Everett Maroon has lived in Walla Walla since 2008, after spending more than a decade in Washington, DC as a systems analyst and project manager. Maroon attended Syracuse University, graduating with bachelor’s degrees in English and psychology in 1992. He and his partner are proud parents of two children.

Maroon has served as the executive director of a healthcare-focused nonprofit organization since 2010, and was instrumental in broadening its mission to include programming for opioid crisis response. He co-authored the intervention for and is now the co-chair of the Greater Columbia Accountable Community of Health’s opioid demonstration project. 

Maroon sits on both the finance committee and the behavioral health council for the Walla Walla County Department of Community Health, and is a member of his local Rotary. He currently is a regional coordinator for a University of Washington study on the low-barrier model of care for opioid treatment with buprenorphine, managing two sites for that research project. 

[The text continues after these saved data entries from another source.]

lemma tau_noise_threshold:
  assumes \<tau>: "0 < \<tau>" "\<tau> < 1" and m: "0 < m"
  shows "\<tau> * noise_threshold \<tau> m = bmsb_radius \<tau> m + sqrt 2 * sqrt (1 - \<tau>\<^sup>2)"
proof -
  define s where "s = sqrt (1 - \<tau>\<^sup>2)"
  define q where "q = sqrt (2 * real m)"
  have q: "q > 0" using m by (simp add: q_def)
  have "sqrt (8 * real m) = sqrt (4 * (2 * real m))" by simp
  also have "\<dots> = 2 * q" by (simp only: real_sqrt_mult real_sqrt_four q_def)
  finally have "sqrt (8 * real m) = 2 * q" .
  then have radius: "bmsb_radius \<tau> m = s / (2 * q)"
    by (simp add: bmsb_radius_def s_def real_sqrt_divide)
  have "2 * sqrt (real m) = sqrt 2 * q"
    unfolding q_def by (simp add: real_sqrt_mult mult.assoc)
  then have sqrt_2: "2 * sqrt (real m) / q = sqrt 2" using q by (simp add: field_simps)
  have "\<tau> * noise_threshold \<tau> m = s * (1 + 4 * sqrt (real m)) / (2 * q)"
    using \<tau> by (simp add: noise_threshold_def flip: s_def q_def)
  also have "\<dots> = s / (2 * q) + s * (2 * sqrt (real m) / q)"
    using q by (simp add: field_simps)
  finally have "\<tau> * noise_threshold \<tau> m = s / (2 * q) + sqrt 2 * s"
    by (simp add: sqrt_2)
  then show ?thesis by (simp add: radius s_def)
qed

lemma large_state_inner_ge:
  fixes lu ld v \<delta> :: "real ^ 'm"
  assumes unit: "lx\<^sup>2 + lu \<bullet> lu + ld \<bullet> ld = 1" and lx: "\<tau> \<le> \<bar>lx\<bar>" and \<tau>: "0 < \<tau>" "\<tau> < 1"
    and compat: "compatible_adherence v \<delta>" and \<xi>: "noise_threshold \<tau> CARD('m) \<le> \<bar>\<xi>\<bar>"
  shows "bmsb_radius \<tau> CARD('m) \<le> \<bar>lx * \<xi> + lu \<bullet> v + ld \<bullet> \<delta>\<bar>"
proof -
  have "\<tau>\<^sup>2 \<le> lx\<^sup>2" using lx \<tau> by (metis abs_le_square_iff abs_of_pos)
  then have "lu \<bullet> lu + ld \<bullet> ld \<le> 1 - \<tau>\<^sup>2" using unit by simp
  then have "sqrt 2 * sqrt (lu \<bullet> lu + ld \<bullet> ld) \<le> sqrt 2 * sqrt (1 - \<tau>\<^sup>2)"
    by (intro mult_left_mono real_sqrt_le_mono) auto
  then have rest: "\<bar>lu \<bullet> v + ld \<bullet> \<delta>\<bar> \<le> sqrt 2 * sqrt (1 - \<tau>\<^sup>2)"
    using compatible_adherence_inner_le[OF compat, of lu ld] by linarith
  have "0 \<le> noise_threshold \<tau> CARD('m)"
    using \<tau> by (simp add: noise_threshold_def abs_square_le_1)
  then have "\<tau> * noise_threshold \<tau> CARD('m) \<le> \<bar>lx * \<xi>\<bar>"
    using lx \<xi> \<tau> by (simp add: abs_mult mult_mono)
  then show ?thesis using rest tau_noise_threshold[OF \<tau>, of "CARD('m)"] by simp
qed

Maroon sees parallels between the drug epidemic and the HIV epidemic. “Both opioid dependents and those with HIV are facing stigma and dealing with a lot of trauma, family dysfunction, and lack of mental health support. 

“Stigma kills. It does end people’s lives. Jessica had HIV after being sexually assaulted, and it changed the trajectory of her life.  She had a kid born with fetal alcohol syndrome and never came back from the trauma. Jessica started using heroin to silence the voices in her head. I drove her to a treatment program, she saw people she knew, and she didn’t want to tell them she had HIV. There’s a prevailing anti-HIV and anti-drug stigma.

“One day, Jessica came in complaining of symptoms consistent with pulmonary embolism. She went to the ER. They identified her as a drug user, didn’t take her seriously, and sent her home. Jessica died an hour later.

“I really liked Jessica. Losing her was a gut punch.”

Maroon advocates for removing arrest, jail time, and all other punitive responses to substance use disorders and shifting resources into treatment, recovery, and wrap-around services like housing, mental health support, food, transportation, and child care.

“We have a waiting list for chemical dependency beds.  Every barrier we can lower opens up a space for people to come forward. Pregnant women fear that if they admit a drug problem, Child Protective Services will have them locked up and take their babies away. People with young kids are terrified to come forward. They’ll lose their children to a broken system.

“We need to legitimize treatment, it needs to be a mainstream thing. No one gets shamed for dialysis.  We just capped insulin costs. We know these are life-saving treatments. Medication Assisted Treatment also saves lives, and it can do so while keeping families together.  If we continue to stigmatize folks when they ask for help, we will lose them and perpetuate the cycles of disease, dysfunction, and death.”